Fredie Douglas, III, NASA Stennis Space Center  
Date: August 14, 2003
Time: 1:00pm
Speaker:Freddie Douglas, III, Manager, Systems Management Office, NASA Stennis Space Center
Subject: "Customer's Perspective of Space Launch Systems Development Process"

The space launch system framework brings to the forefront the implications of multiple stakeholders, market conditions, the convoluted manner in which public sector programs are conceived and implemented, and the perceived smoother and focused manner for private sector efforts. In the public sector case this process is drawn out and typically, the financing structure does not support obtaining the overall best costs. The inter-relationship of demands, brought by various stakeholders serviced by the Public Sector, result in reinforcing behavioral loops that make it virtually impossible to satisfy the needs of the Public Sector enough to ensure global competitiveness for the private sector. The public sector has taken steps to ensure that regulatory and infrastructure capabilities are competitive enablers. In addition, the Public Sector also focuses on reducing the cost-per-pound-to-orbit as a measure of competitive effectiveness or advantage. However, the appropriateness of this measure changes as the customer/supplier relationship changes from Public Sector, to launch service provider, to satellite developer, to the General Public. Measures for these relationships move from cost-per-pound-to-orbit, to providing assurances of affordability, profitability, reliability, capability, and availability to maximizing benefit from a multi-billion dollar revenue stream.

In the program/project Preparation Phase, these measures manifest themselves in terms of implementation strategies based on market conditions and timing. Lean focuses on value from the customer’s perspective; for this work, its definition is hypothesized to be service oriented and embodies service management features of tangible and intangible elements.

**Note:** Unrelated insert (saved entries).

(* Let $C<\infty$, let $(z_i)$ be a bimonotone basis of a Banach space, and let $(w_i)$ be a block basis of $(z_i)$ with $1\le\|w_i\|\le C$ for all $i$. Let $\mathcal{A}$ be the family of finite sets $F\subseteq\mathbb{N}$ such that $\|\sum_{i\in F}\pm w_i\|\le C$ for all choices of signs. Then there is a norm $|\cdot|$ on $[(w_i)]$ equivalent to the original norm such that $(w_i)$ is a normalized bimonotone basis for $|\cdot|$ and $|\sum_{i\in F}\pm w_i|=1$ for every $F\in\mathcal{A}$ and every choice of signs.
   Context: A basis is bimonotone if all its basis projections $P_{[m,n]}$ onto intervals of coordinates have norm at most $1$. $[(w_i)]$ denotes the closed linear span. *)

theory Defs
  imports "HOL-Analysis.Analysis"
begin

definition is_norm_on :: "'a::real_vector set \<Rightarrow> ('a \<Rightarrow> real) \<Rightarrow> bool" where
  "is_norm_on Y N \<longleftrightarrow> subspace Y \<and>
     (\<forall>x\<in>Y. N x \<ge> 0 \<and> (N x = 0 \<longleftrightarrow> x = 0)) \<and>
     (\<forall>x\<in>Y. \<forall>y\<in>Y. N (x + y) \<le> N x + N y) \<and>
     (\<forall>x\<in>Y. \<forall>c. N (c *\<^sub>R x) = \<bar>c\<bar> * N x)"

definition equiv_norm_on :: "'a::real_normed_vector set \<Rightarrow> ('a \<Rightarrow> real) \<Rightarrow> bool" where
  "equiv_norm_on Y N \<longleftrightarrow> (\<exists>a b. a > 0 \<and> b > 0 \<and>
     (\<forall>y\<in>Y. a * norm y \<le> N y \<and> N y \<le> b * norm y))"

definition schauder_basis_wrt :: "('a::real_vector \<Rightarrow> real) \<Rightarrow> 'a set \<Rightarrow> (nat \<Rightarrow> 'a) \<Rightarrow> bool" where
  "schauder_basis_wrt N Y w \<longleftrightarrow> (\<forall>i. w i \<in> Y) \<and>
     (\<forall>x\<in>Y. \<exists>!a::nat \<Rightarrow> real. (\<lambda>n. N ((\<Sum>i<n. a i *\<^sub>R w i) - x)) \<longlonglongrightarrow> 0)"

definition basis_coeff :: "('a::real_vector \<Rightarrow> real) \<Rightarrow> (nat \<Rightarrow> 'a) \<Rightarrow> 'a \<Rightarrow> nat \<Rightarrow> real" where
  "basis_coeff N w x = (THE a. (\<lambda>n. N ((\<Sum>i<n. a i *\<^sub>R w i) - x)) \<longlonglongrightarrow> 0)"

definition bimonotone_wrt :: "('a::real_vector \<Rightarrow> real) \<Rightarrow> 'a set \<Rightarrow> (nat \<Rightarrow> 'a) \<Rightarrow> bool" where
  "bimonotone_wrt N Y w \<longleftrightarrow> schauder_basis_wrt N Y w \<and>
     (\<forall>x\<in>Y. \<forall>m n. N (\<Sum>i\<in>{m..n}. basis_coeff N w x i *\<^sub>R w i) \<le> N x)"

definition block_basis_of :: "(nat \<Rightarrow> 'a::real_vector) \<Rightarrow> (nat \<Rightarrow> 'a) \<Rightarrow> bool" where
  "block_basis_of w z \<longleftrightarrow> (\<exists>p::nat \<Rightarrow> nat. strict_mono p \<and>
     (\<forall>i. w i \<noteq> 0 \<and> (\<exists>c::nat \<Rightarrow> real. w i = (\<Sum>j\<in>{p i..<p (Suc i)}. c j *\<^sub>R z j))))"

definition sign_family :: "real \<Rightarrow> (nat \<Rightarrow> 'a::real_normed_vector) \<Rightarrow> nat set set" where
  "sign_family C w = {F. finite F \<and> F \<noteq> {} \<and>
     (\<forall>\<epsilon>::nat \<Rightarrow> real. (\<forall>i\<in>F. \<epsilon> i \<in> {-1, 1}) \<longrightarrow> norm (\<Sum>i\<in>F. \<epsilon> i *\<^sub>R w i) \<le> C)}"

end

theory Submission
  imports Defs
begin

(* The blocks (w_i) of a bimonotone basis (z_i) form a bimonotone basis of their closed span Y:
   on Y the partial sums of the w-expansion are the partial sums of the z-expansion taken at the
   block boundaries, because both are bounded linear and agree on every w_k.  If e_k are the
   coordinate functionals of (w_i) on Y, bimonotonicity and 1 <= norm (w_k) give |e_k x| <= norm x,
   so  |x| = max (norm x / C) (sup_k |e_k x|)  is a norm on Y equivalent to the given one.
   Interval projections increase neither of the two terms, so (w_i) stays bimonotone; on a sign
   sum over F in A the first term is at most 1 and the second is exactly 1. *)

lemma subspace_closure:
  fixes S :: "'a::real_normed_vector set"
  assumes "subspace S"
  shows "subspace (closure S)"
  unfolding subspace_def
proof (intro conjI ballI allI)
  show "0 \<in> closure S"
    using assms closure_subset subspace_0 by blast
next
  fix x y assume "x \<in> closure S" "y \<in> closure S"
  then obtain f g where f: "\<forall>n. f n \<in> S" "f \<longlonglongrightarrow> x" and g: "\<forall>n. g n \<in> S" "g \<longlonglongrightarrow> y"
    by (meson closure_sequential)
  have "\<forall>n. f n + g n \<in> S" using f g assms subspace_add by blast
  moreover have "(\<lambda>n. f n + g n) \<longlonglongrightarrow> x + y" using f g tendsto_add by blast
  ultimately show "x + y \<in> closure S" by (meson closure_sequential)
next
  fix c x assume "x \<in> closure S"
  then obtain f where f: "\<forall>n. f n \<in> S" "f \<longlonglongrightarrow> x"
    by (meson closure_sequential)
  have "\<forall>n. c *\<^sub>R f n \<in> S" using f assms subspace_scale by blast
  moreover have "(\<lambda>n. c *\<^sub>R f n) \<longlonglongrightarrow> c *\<^sub>R x" using f tendsto_scaleR tendsto_const by blast
  ultimately show "c *\<^sub>R x \<in> closure S" by (meson closure_sequential)
qed

lemma bounded_linear_zero_on_closure_span:
  assumes "bounded_linear T" and "\<And>i. T (w i) = 0" and "x \<in> closure (span (range w))"
  shows "T x = 0"
proof (rule continuous_constant_on_closure[OF _ _ assms(3)])
  show "continuous_on (closure (span (range w))) T"
    using assms(1) by (simp add: linear_continuous_on)
  show "T y = 0" if "y \<in> span (range w)" for y
    using linear_eq_0_on_span[OF bounded_linear.linear[OF assms(1)] _ that] assms(2) by blast
qed

lemma equiv_norm_on_tendsto_zero_iff:
  assumes "equiv_norm_on Y N" and "\<And>n. f n \<in> Y"
  shows "(\<lambda>n. N (f n)) \<longlonglongrightarrow> 0 \<longleftrightarrow> f \<longlonglongrightarrow> 0"
proof -
  obtain a b where "a > 0" and lower: "\<And>n. a * norm (f n) \<le> N (f n)"
    and upper: "\<And>n. N (f n) \<le> b * norm (f n)"
    using assms unfolding equiv_norm_on_def by blast
  show ?thesis
  proof
    assume "(\<lambda>n. N (f n)) \<longlonglongrightarrow> 0"
    then have "(\<lambda>n. N (f n) / a) \<longlonglongrightarrow> 0"
      by (rule tendsto_divide_zero)
    moreover have "norm (f n) \<le> N (f n) / a" for n
      using lower[of n] \<open>a > 0\<close> by (simp add: pos_le_divide_eq mult.commute)
    then have "\<forall>\<^sub>F n in sequentially. norm (f n) \<le> N (f n) / a"
      by simp
    ultimately show "f \<longlonglongrightarrow> 0"
      by (rule Lim_null_comparison[rotated])
  next
    assume "f \<longlonglongrightarrow> 0"
    then have "(\<lambda>n. b * norm (f n)) \<longlonglongrightarrow> 0"
      by (intro tendsto_mult_right_zero tendsto_norm_zero)
    moreover have "norm (N (f n)) \<le> b * norm (f n)" for n
    proof -
      have "0 \<le> a * norm (f n)"
        using \<open>a > 0\<close> by simp
      then show ?thesis
        using lower[of n] upper[of n] by (simp add: abs_le_iff)
    qed
    then have "\<forall>\<^sub>F n in sequentially. norm (N (f n)) \<le> b * norm (f n)"
      by simp
    ultimately show "(\<lambda>n. N (f n)) \<longlonglongrightarrow> 0"
      by (rule Lim_null_comparison[rotated])
  qed
qed

lemma expansion_tendsto_equiv_norm_iff:
  assumes "subspace Y" and "equiv_norm_on Y N" and "\<forall>i. w i \<in> Y" and "x \<in> Y"
  shows "(\<lambda>n. N ((\<Sum>i<n. a i *\<^sub>R w i) - x)) \<longlonglongrightarrow> 0
    \<longleftrightarrow> (\<lambda>n. norm ((\<Sum>i<n. a i *\<^sub>R w i) - x)) \<longlonglongrightarrow> 0"
proof -
  have "(\<Sum>i<n. a i *\<^sub>R w i) - x \<in> Y" for n
    using assms(1,3,4) by (intro subspace_diff subspace_sum subspace_scale) auto
  then show ?thesis
    using equiv_norm_on_tendsto_zero_iff[OF assms(2)] by (simp add: tendsto_norm_zero_iff)
qed

lemma schauder_basis_wrt_equiv_norm:
  assumes "subspace Y" and "equiv_norm_on Y N" and basis: "schauder_basis_wrt norm Y w"
  shows "schauder_basis_wrt N Y w"
    and "x \<in> Y \<Longrightarrow> basis_coeff N w x = basis_coeff norm w x"
proof -
  have "\<forall>i. w i \<in> Y"
    using basis unfolding schauder_basis_wrt_def by blast
  note iff = expansion_tendsto_equiv_norm_iff[OF assms(1,2) this]
  show "schauder_basis_wrt N Y w"
    using basis unfolding schauder_basis_wrt_def by (simp add: iff)
  show "x \<in> Y \<Longrightarrow> basis_coeff N w x = basis_coeff norm w x"
    unfolding basis_coeff_def by (simp add: iff)
qed

locale norm_schauder_basis =
  fixes Y :: "'a::real_normed_vector set" and w :: "nat \<Rightarrow> 'a"
  assumes subspace: "subspace Y" and basis: "schauder_basis_wrt norm Y w"
begin

abbreviation coeff :: "'a \<Rightarrow> nat \<Rightarrow> real" where
  "coeff \<equiv> basis_coeff norm w"

lemma basis_mem: "w i \<in> Y"
  using basis unfolding schauder_basis_wrt_def by blast

lemma sum_basis_mem: "(\<Sum>i\<in>F. a i *\<^sub>R w i) \<in> Y"
  using subspace by (intro subspace_sum subspace_scale basis_mem)

lemma expansion_unique:
  "x \<in> Y \<Longrightarrow> \<exists>!a. (\<lambda>n. \<Sum>i<n. a i *\<^sub>R w i) \<longlonglongrightarrow> x"
  using basis unfolding schauder_basis_wrt_def by (simp add: tendsto_norm_zero_iff LIM_zero_iff)

lemma coeff_eq_The: "coeff x = (THE a. (\<lambda>n. \<Sum>i<n. a i *\<^sub>R w i) \<longlonglongrightarrow> x)"
  unfolding basis_coeff_def by (simp add: tendsto_norm_zero_iff LIM_zero_iff)

lemma coeff_sums: "x \<in> Y \<Longrightarrow> (\<lambda>n. \<Sum>i<n. coeff x i *\<^sub>R w i) \<longlonglongrightarrow> x"
  unfolding coeff_eq_The by (rule theI'[OF expansion_unique])

lemma coeff_eqI: "x \<in> Y \<Longrightarrow> (\<lambda>n. \<Sum>i<n. a i *\<^sub>R w i) \<longlonglongrightarrow> x \<Longrightarrow> coeff x = a"
  unfolding coeff_eq_The by (rule the1_equality[OF expansion_unique])

lemma coeff_add: "x \<in> Y \<Longrightarrow> y \<in> Y \<Longrightarrow> coeff (x + y) k = coeff x k + coeff y k"
proof -
  assume "x \<in> Y" "y \<in> Y"
  then have "(\<lambda>n. (\<Sum>i<n. coeff x i *\<^sub>R w i) + (\<Sum>i<n. coeff y i *\<^sub>R w i)) \<longlonglongrightarrow> x + y"
    by (intro tendsto_add coeff_sums)
  then have "coeff (x + y) = (\<lambda>i. coeff x i + coeff y i)"
    using \<open>x \<in> Y\<close> \<open>y \<in> Y\<close> subspace
    by (intro coeff_eqI) (auto simp: scaleR_add_left sum.distrib subspace_add)
  then show ?thesis by simp
qed

lemma coeff_scaleR: "x \<in> Y \<Longrightarrow> coeff (c *\<^sub>R x) k = c * coeff x k"
proof -
  assume "x \<in> Y"
  then have "(\<lambda>n. c *\<^sub>R (\<Sum>i<n. coeff x i *\<^sub>R w i)) \<longlonglongrightarrow> c *\<^sub>R x"
    by (intro tendsto_scaleR tendsto_const coeff_sums)
  then have "coeff (c *\<^sub>R x) = (\<lambda>i. c * coeff x i)"
    using \<open>x \<in> Y\<close> subspace
    by (intro coeff_eqI) (auto simp: scaleR_sum_right subspace_scale)
  then show ?thesis by simp
qed

lemma coeff_sum_basis:
  assumes "finite F"
  shows "coeff (\<Sum>i\<in>F. a i *\<^sub>R w i) = (\<lambda>k. if k \<in> F then a k else 0)"
proof (rule coeff_eqI[OF sum_basis_mem], rule tendsto_eventually)
  obtain m where "F \<subseteq> {..<m}"
    using finite_nat_bounded[OF assms] by blast
  have "(\<Sum>i<n. (if i \<in> F then a i else 0) *\<^sub>R w i) = (\<Sum>i\<in>F. a i *\<^sub>R w i)" if "m \<le> n" for n
  proof -
    have "(\<Sum>i<n. (if i \<in> F then a i else 0) *\<^sub>R w i) = (\<Sum>i<n. if i \<in> F then a i *\<^sub>R w i else 0)"
      by (rule sum.cong) auto
    also have "\<dots> = (\<Sum>i\<in>{..<n} \<inter> F. a i *\<^sub>R w i)"
      by (simp add: sum.inter_restrict)
    also have "{..<n} \<inter> F = F"
      using \<open>F \<subseteq> {..<m}\<close> that by auto
    finally show ?thesis .
  qed
  then show "\<forall>\<^sub>F n in sequentially. (\<Sum>i<n. (if i \<in> F then a i else 0) *\<^sub>R w i) = (\<Sum>i\<in>F. a i *\<^sub>R w i)"
    unfolding eventually_sequentially by blast
qed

Leveraging this definition, service embodies the act, perceived quality and cost to the customer: the same attributes that epitomize the amorphous and dynamic formulation environment associated with the Preparation Phase. This hypothesized expression of value is verified through case study of cancelled launch vehicle programs, analysis of system performance parameters that drive launch system costs, congressional records, interviews with industry participants, surveys and other artifacts from other industries that develop complex systems (i.e., shipbuilding, offshore exploration and cargo aircraft).